Since there are just two case reports of this parasite isolated from humans it is difficult to draw a conclusion in terms of pathological involvement and treatment. However, regarding the diagnostic, in both cases researchers used 18S rRNA PCR for molecular diagnosis. Unfortunately, molecular diagnostic techniques are still not available at large scale so we want to emphasize the importance of morphologic diagnosis of
Colpodella spp. The most important morphologic features are presented in
Table 2.
Regarding
Colpoda spp., we found 3 articles, two case reports and one research article. The case reported by Costache C et al. from Romania [
10] and the case reported by Guy Y et al. from Algeria [
8] are describing the parasite
Colpoda spp. isolated from urine and identified based on morphologic characteristics. On the other hand, Bouchoucha I et al. [
16] performed an analysis of several contact lens solutions, recovered from patients with the clinical diagnosis of keratitis and corneal ulcer and discovered the presence of the parasite
Colpoda steinii in one specimen of contact lens solution. In that study, the diagnostic of the ciliated protozoan was performed using 18S rRNA PCR. However, this study shows a second source of potential interaction between humans and the rare ciliate,
Colpoda spp.
Even though Colpoda spp. is not considered a human pathogen, in all the case reports from the literature that we included in the review, this ciliate parasite was isolated from the urine of the patients. Further research is required to establish if this parasite is able to survive in the urinary bladder of healthy individuals or just in that of immunosuppressed ones.
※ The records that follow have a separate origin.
(* Let $\Gamma$ be a cocompact lattice in $PSL(2,\mathbb{R})$. Then there is no nonempty compact subset $V\subset\mathrm{Har}(\mathbb{D})^*$ with $\varphi\circ\gamma^{-1}\in V$ for all $\varphi\in V$ and $\gamma\in\Gamma$.
   Context: $\mathrm{Har}(\mathbb{D})$ is the set of complex-valued harmonic functions $\varphi$ on the open unit disc $\mathbb{D}$ with $\varphi(\mathbb{D})\subset\overline{\mathbb{D}}$, with the topology of uniform convergence on compact subsets; $\mathrm{Har}(\mathbb{D})^*$ is its subset of nonconstant functions. $PSL(2,\mathbb{R})\cong PSU(1,1)$ acts on $\mathbb{D}$ by $z\mapsto(\alpha z+\beta)/(\bar\beta z+\bar\alpha)$, $|\alpha|^2-|\beta|^2=1$. *)

theory Defs
  imports "HOL-Analysis.Analysis"
begin

text \<open>An element of SU(1,1) is the matrix [[a, b], [cnj b, cnj a]] with |a|^2 - |b|^2 = 1,
  represented by the pair (a, b).  PSU(1,1) = SU(1,1) / {+1,-1}; a subgroup of PSU(1,1)
  is represented by its full preimage in SU(1,1), i.e. a subgroup containing -1.\<close>

definition SU11 :: "(complex \<times> complex) set" where
  "SU11 = {(a, b). (cmod a)^2 - (cmod b)^2 = 1}"

definition su_mult :: "complex \<times> complex \<Rightarrow> complex \<times> complex \<Rightarrow> complex \<times> complex" where
  "su_mult g h = (case g of (a1, b1) \<Rightarrow> case h of (a2, b2) \<Rightarrow>
      (a1 * a2 + b1 * cnj b2, a1 * b2 + b1 * cnj a2))"

definition su_inv :: "complex \<times> complex \<Rightarrow> complex \<times> complex" where
  "su_inv g = (case g of (a, b) \<Rightarrow> (cnj a, - b))"
lemma not_forcing_triple_below_block_densities:
  fixes x y \<beta>1 \<beta>2 \<beta>3 :: real
  assumes "0 \<le> x" "0 \<le> y" "x + y \<le> 1"
    and "\<beta>1 < x^2 + y^2" "\<beta>2 < x^2 + (1 - x - y)^2" "\<beta>3 < 1 - x^2 \<or> x = 0"
  shows "\<not> forcing_triple \<beta>1 \<beta>2 \<beta>3"
proof
  assume "forcing_triple \<beta>1 \<beta>2 \<beta>3"
  then obtain N where forces: "\<And>n G1 G2 G3. n \<ge> N \<Longrightarrow>
      graph_on n G1 \<Longrightarrow> graph_on n G2 \<Longrightarrow> graph_on n G3 \<Longrightarrow>
      real (card G1) > edge_threshold \<beta>1 n \<Longrightarrow>
      real (card G2) > edge_threshold \<beta>2 n \<Longrightarrow>
      real (card G3) > edge_threshold \<beta>3 n \<Longrightarrow> has_rainbow_triangle G1 G2 G3"
    unfolding forcing_triple_def by blast
  \<comment> \<open>For \<open>x = 0\<close> the third class is complete, which exceeds every threshold.\<close>
  have "\<forall>\<^sub>F n in sequentially. x = 0 \<or> 1 * real n < (1 - x^2 - \<beta>3) * (real n)^2"
    using assms(6) eventually_linear_less_quadratic[of "1 - x^2 - \<beta>3" 1]
    by (auto elim: eventually_mono)
  then have "\<forall>\<^sub>F n in sequentially. n \<ge> N
      \<and> 6 * real n < (x^2 + y^2 - \<beta>1) * (real n)^2
      \<and> 6 * real n < (x^2 + (1 - x - y)^2 - \<beta>2) * (real n)^2
      \<and> (x = 0 \<or> 1 * real n < (1 - x^2 - \<beta>3) * (real n)^2)"
    using assms by (intro eventually_conj eventually_ge_at_top eventually_linear_less_quadratic) auto
  then obtain n where "n \<ge> N"
      and big1: "6 * real n < (x^2 + y^2 - \<beta>1) * (real n)^2"
      and big2: "6 * real n < (x^2 + (1 - x - y)^2 - \<beta>2) * (real n)^2"
      and big3: "x = 0 \<or> 1 * real n < (1 - x^2 - \<beta>3) * (real n)^2"
    using eventually_happens'[OF sequentially_bot] by blast
  obtain G1 G2 G3 where graphs: "graph_on n G1" "graph_on n G2" "graph_on n G3"
    and no_rainbow: "\<not> has_rainbow_triangle G1 G2 G3"
    and dense1: "(x^2 + y^2) * (real n)^2 - 6 * real n \<le> 2 * real (card G1)"
    and dense2: "(x^2 + (1 - x - y)^2) * (real n)^2 - 6 * real n \<le> 2 * real (card G2)"
    and dense3: "(1 - x^2) * (real n)^2 - real n \<le> 2 * real (card G3)"
    and complete3: "x = 0 \<Longrightarrow> card G3 = n choose 2"
    using block_template_exists assms(1-3) by blast
  have "edge_threshold \<beta>1 n < real (card G1)" "edge_threshold \<beta>2 n < real (card G2)"
    using big1 big2 dense1 dense2 by (auto intro!: edge_threshold_less_if_dense simp: algebra_simps)
  moreover have "edge_threshold \<beta>3 n < real (card G3)"
    using big3 dense3 complete3
    by (auto intro: edge_threshold_less_if_dense edge_threshold_less_if_complete simp: algebra_simps)
  ultimately show False
    using forces[OF \<open>n \<ge> N\<close> graphs] no_rainbow by blast
qed
lemma exists_Inter_notin_primeideal:
  assumes "finite A" "A \<noteq> {}" and P: "primeideal P R" and I: "ideal I R"
    and "\<And>j. j \<in> A \<Longrightarrow> ideal (Is j) R" "\<And>j. j \<in> A \<Longrightarrow> f j \<in> I \<inter> Is j - P"
  shows "\<exists>p \<in> I \<inter> (\<Inter>j\<in>A. Is j). p \<notin> P"
  using assms(1,2,5,6)
proof (induction A rule: finite_ne_induct)
  case (singleton j)
  then show ?case by blast
next
  case (insert j A)
  then obtain p where p: "p \<in> I" "p \<notin> P" "\<And>i. i \<in> A \<Longrightarrow> p \<in> Is i"
    by blast
  have fj: "f j \<in> I" "f j \<in> Is j" "f j \<notin> P"
    using insert.prems by auto
  have carrier: "p \<in> carrier R" "f j \<in> carrier R"
    using p(1) fj(1) ideal.Icarr[OF I] by blast+
  have "f j \<otimes> p \<in> I" "f j \<otimes> p \<in> Is j"
    using ideal.I_r_closed[OF I fj(1)] ideal.I_r_closed[OF _ fj(2)] insert.prems(1) carrier
    by auto
  moreover have "f j \<otimes> p \<in> Is i" if "i \<in> A" for i
    using ideal.I_l_closed[OF _ p(3)[OF that] carrier(2)] insert.prems(1) that by blast
  moreover have "f j \<otimes> p \<notin> P"
    using primeideal.I_prime[OF P carrier(2,1)] fj(3) p(2) by blast
  ultimately show ?case
    by blast
qed

lemma exists_element_in_all_but_one_ideal:
  assumes "finite K" "2 \<le> card K" and I: "ideal I R" and ideals: "\<And>k. k \<in> K \<Longrightarrow> ideal (Is k) R"
    and nonprime: "card {k \<in> K. \<not> primeideal (Is k) R} \<le> 2"
    and a: "\<And>k. k \<in> K \<Longrightarrow> a k \<in> I \<inter> Is k"
      "\<And>k j. k \<in> K \<Longrightarrow> j \<in> K \<Longrightarrow> j \<noteq> k \<Longrightarrow> a k \<notin> Is j"
  shows "\<exists>k\<^sub>0\<in>K. \<exists>p\<in>I. p \<notin> Is k\<^sub>0 \<and> (\<forall>j\<in>K - {k\<^sub>0}. p \<in> Is j)"
proof (cases "card K = 2")
  case True
  then obtain k\<^sub>1 k\<^sub>2 where K: "K = {k\<^sub>1, k\<^sub>2}" "k\<^sub>1 \<noteq> k\<^sub>2"
    by (meson card_2_iff)
  then have "a k\<^sub>2 \<in> I \<inter> Is k\<^sub>2" "a k\<^sub>2 \<notin> Is k\<^sub>1"
    using a(1)[of k\<^sub>2] a(2)[of k\<^sub>2 k\<^sub>1] by auto
  then show ?thesis
    using K by blast
next
  case False
  with \<open>2 \<le> card K\<close> have "{k \<in> K. \<not> primeideal (Is k) R} \<noteq> K"
    using nonprime by force
  then obtain k\<^sub>0 where k\<^sub>0: "k\<^sub>0 \<in> K" "primeideal (Is k\<^sub>0) R"
    by blast
  have "K - {k\<^sub>0} \<noteq> {}"
  proof
    assume "K - {k\<^sub>0} = {}"
    then have "K = {k\<^sub>0}"
      using k\<^sub>0(1) by blast
    then show False
      using \<open>2 \<le> card K\<close> by simp
  qed
  have "\<exists>p \<in> I \<inter> (\<Inter>j\<in>K - {k\<^sub>0}. Is j). p \<notin> Is k\<^sub>0"
  proof (rule exists_Inter_notin_primeideal[where f = a, OF _ \<open>K - {k\<^sub>0} \<noteq> {}\<close> k\<^sub>0(2) I])
    show "finite (K - {k\<^sub>0})"
      using \<open>finite K\<close> by blast
    show "ideal (Is j) R" if "j \<in> K - {k\<^sub>0}" for j
      using ideals that by blast
    show "a j \<in> I \<inter> Is j - Is k\<^sub>0" if "j \<in> K - {k\<^sub>0}" for j
      using a(1)[of j] a(2)[of j k\<^sub>0] k\<^sub>0(1) that by blast
  qed
  then show ?thesis
    using k\<^sub>0(1) by blast
qed

lemma irredundant_ideal_cover_card_le_1:
  assumes "finite K" and I: "ideal I R" and ideals: "\<And>k. k \<in> K \<Longrightarrow> ideal (Is k) R"
    and cover: "I \<subseteq> (\<Union>k\<in>K. Is k)"
    and nonprime: "card {k \<in> K. \<not> primeideal (Is k) R} \<le> 2"
    and irredundant: "\<And>k. k \<in> K \<Longrightarrow> \<not> I \<subseteq> (\<Union>j\<in>K - {k}. Is j)"
  shows "card K \<le> 1"
proof (rule ccontr)
  assume "\<not> card K \<le> 1"
  have "\<forall>k\<in>K. \<exists>x. x \<in> I \<and> x \<notin> (\<Union>j\<in>K - {k}. Is j)"
    using irredundant by blast
  then obtain a where a: "\<And>k. k \<in> K \<Longrightarrow> a k \<in> I \<and> a k \<notin> (\<Union>j\<in>K - {k}. Is j)"
    by (metis bchoice)
  have a_mem: "a k \<in> I \<inter> Is k" if "k \<in> K" for k
    using a[OF that] cover by blast
  have a_notin: "a k \<notin> Is j" if "k \<in> K" "j \<in> K" "j \<noteq> k" for k j
    using a[OF that(1)] that(2,3) by blast
  have "2 \<le> card K"
    using \<open>\<not> card K \<le> 1\<close> by linarith
  then obtain k\<^sub>0 p where k\<^sub>0: "k\<^sub>0 \<in> K"
    and p: "p \<in> I" "p \<notin> Is k\<^sub>0" "\<And>j. j \<in> K \<Longrightarrow> j \<noteq> k\<^sub>0 \<Longrightarrow> p \<in> Is j"
    using exists_element_in_all_but_one_ideal[of K I Is a,
          OF \<open>finite K\<close> _ I ideals nonprime a_mem a_notin] by blast
  have carrier: "a k\<^sub>0 \<in> carrier R" "p \<in> carrier R"
    using a_mem[OF k\<^sub>0] p(1) ideal.Icarr[OF I] by blast+
  have "a k\<^sub>0 \<oplus> p \<notin> (\<Union>k\<in>K. Is k)"
    by (rule add_notin_Union_ideals[of K Is, OF ideals carrier(1) _ a_notin[OF k\<^sub>0] carrier(2) p(2,3)])
      (use a_mem[OF k\<^sub>0] in auto)
  moreover have "a k\<^sub>0 \<oplus> p \<in> I"
    using a_mem[OF k\<^sub>0] p(1) additive_subgroup.a_closed[OF ideal.axioms(1)[OF I]] by blast
  ultimately show False
    using cover by blast
qed

theorem prime_avoidance:
  assumes "finite K" "ideal I R" "\<And>k. k \<in> K \<Longrightarrow> ideal (Is k) R"
    and "I \<subseteq> (\<Union>k\<in>K. Is k)" "card {k \<in> K. \<not> primeideal (Is k) R} \<le> 2"
  shows "\<exists>k\<in>K. I \<subseteq> Is k"
  using assms
proof (induction K rule: finite_psubset_induct)
  case (psubset K)
  note I = psubset.prems(1) and ideals = psubset.prems(2)
    and cover = psubset.prems(3) and nonprime = psubset.prems(4)
  show ?case
  proof (cases "\<exists>k\<in>K. I \<subseteq> (\<Union>j\<in>K - {k}. Is j)")
    case True
    then obtain k where k: "k \<in> K" "I \<subseteq> (\<Union>j\<in>K - {k}. Is j)"
      by blast
    have "\<exists>j\<in>K - {k}. I \<subseteq> Is j"
    proof (rule psubset.IH)
      show "K - {k} \<subset> K"
        using k(1) by blast
      show "ideal (Is j) R" if "j \<in> K - {k}" for j
        using ideals that by blast
      have "card {j \<in> K - {k}. \<not> primeideal (Is j) R} \<le> card {j \<in> K. \<not> primeideal (Is j) R}"
        using psubset.hyps by (intro card_mono) auto
      then show "card {j \<in> K - {k}. \<not> primeideal (Is j) R} \<le> 2"
        using nonprime by linarith
    qed (use I k(2) in auto)
    then show ?thesis
      by blast
  next
    case False
    then have "card K \<le> 1"
      using irredundant_ideal_cover_card_le_1[OF psubset.hyps I ideals cover nonprime] by blast
    moreover obtain k where "k \<in> K" "\<zero> \<in> Is k"
      using cover additive_subgroup.zero_closed[OF ideal.axioms(1)[OF I]] by blast
    ultimately have "K = {k}"
      using card_le_Suc0_iff_eq[OF psubset.hyps] by auto
    then show ?thesis
      using cover by blast
  qed
qed

lemma radical_ideal_iff:
  "radical_ideal R J \<longleftrightarrow> ideal J R \<and> (\<forall>x\<in>carrier R. \<forall>m::nat. x [^] m \<in> J \<longrightarrow> x \<in> J)"
proof -
  have "J \<subseteq> ideal_radical R J" if "ideal J R"
  proof
    fix x
    assume "x \<in> J"
    then have "x \<in> carrier R" "x [^] (1::nat) \<in> J"
      using ideal.Icarr[OF that] by auto
    then show "x \<in> ideal_radical R J"
      unfolding ideal_radical_def by blast
  qed
  then show ?thesis
    unfolding radical_ideal_def ideal_radical_def by blast
qed

lemma radical_idealD:
  assumes "radical_ideal R J" "x \<in> carrier R" "x [^] (m::nat) \<in> J"
  shows "x \<in> J"
  using assms unfolding radical_ideal_iff by blast

lemma radical_ideal_chain_Union:
  assumes "C \<noteq> {}" "subset.chain {J. radical_ideal R J} C"
  shows "radical_ideal R (\<Union>C)"
  unfolding radical_ideal_iff
proof (intro conjI ballI allI impI)
  have "subset.chain {J. ideal J R} C"
    using assms(2) unfolding pred_on.chain_def radical_ideal_iff by blast
  then show "ideal (\<Union>C) R"
    using chain_Union_is_ideal[of C] assms(1) by simp
  fix x and m :: nat
  assume x: "x \<in> carrier R" and "x [^] m \<in> \<Union>C"
  then obtain J where "J \<in> C" "x [^] m \<in> J" by blast
  moreover have "radical_ideal R J" if "J \<in> C" for J
    using assms(2) that unfolding pred_on.chain_def by blast
  ultimately show "x \<in> \<Union>C"
    using x radical_idealD by blast
qed

end

context cring
begin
There is an established link in the literature concerning immunosuppression and the increased incidence of bacterial or protozoan infections. Including the case presented by us, in four out of the six case reports included in our review the patients presented a form of immunosuppression. The presented evidence points to the existence of a plausible link between immunosuppression and infections caused by unusual pathogens.
In the case of rare parasites, even if molecular diagnosis represents the most accurate tool, optical microscopy diagnosis based on morphologic criteria should not be neglected.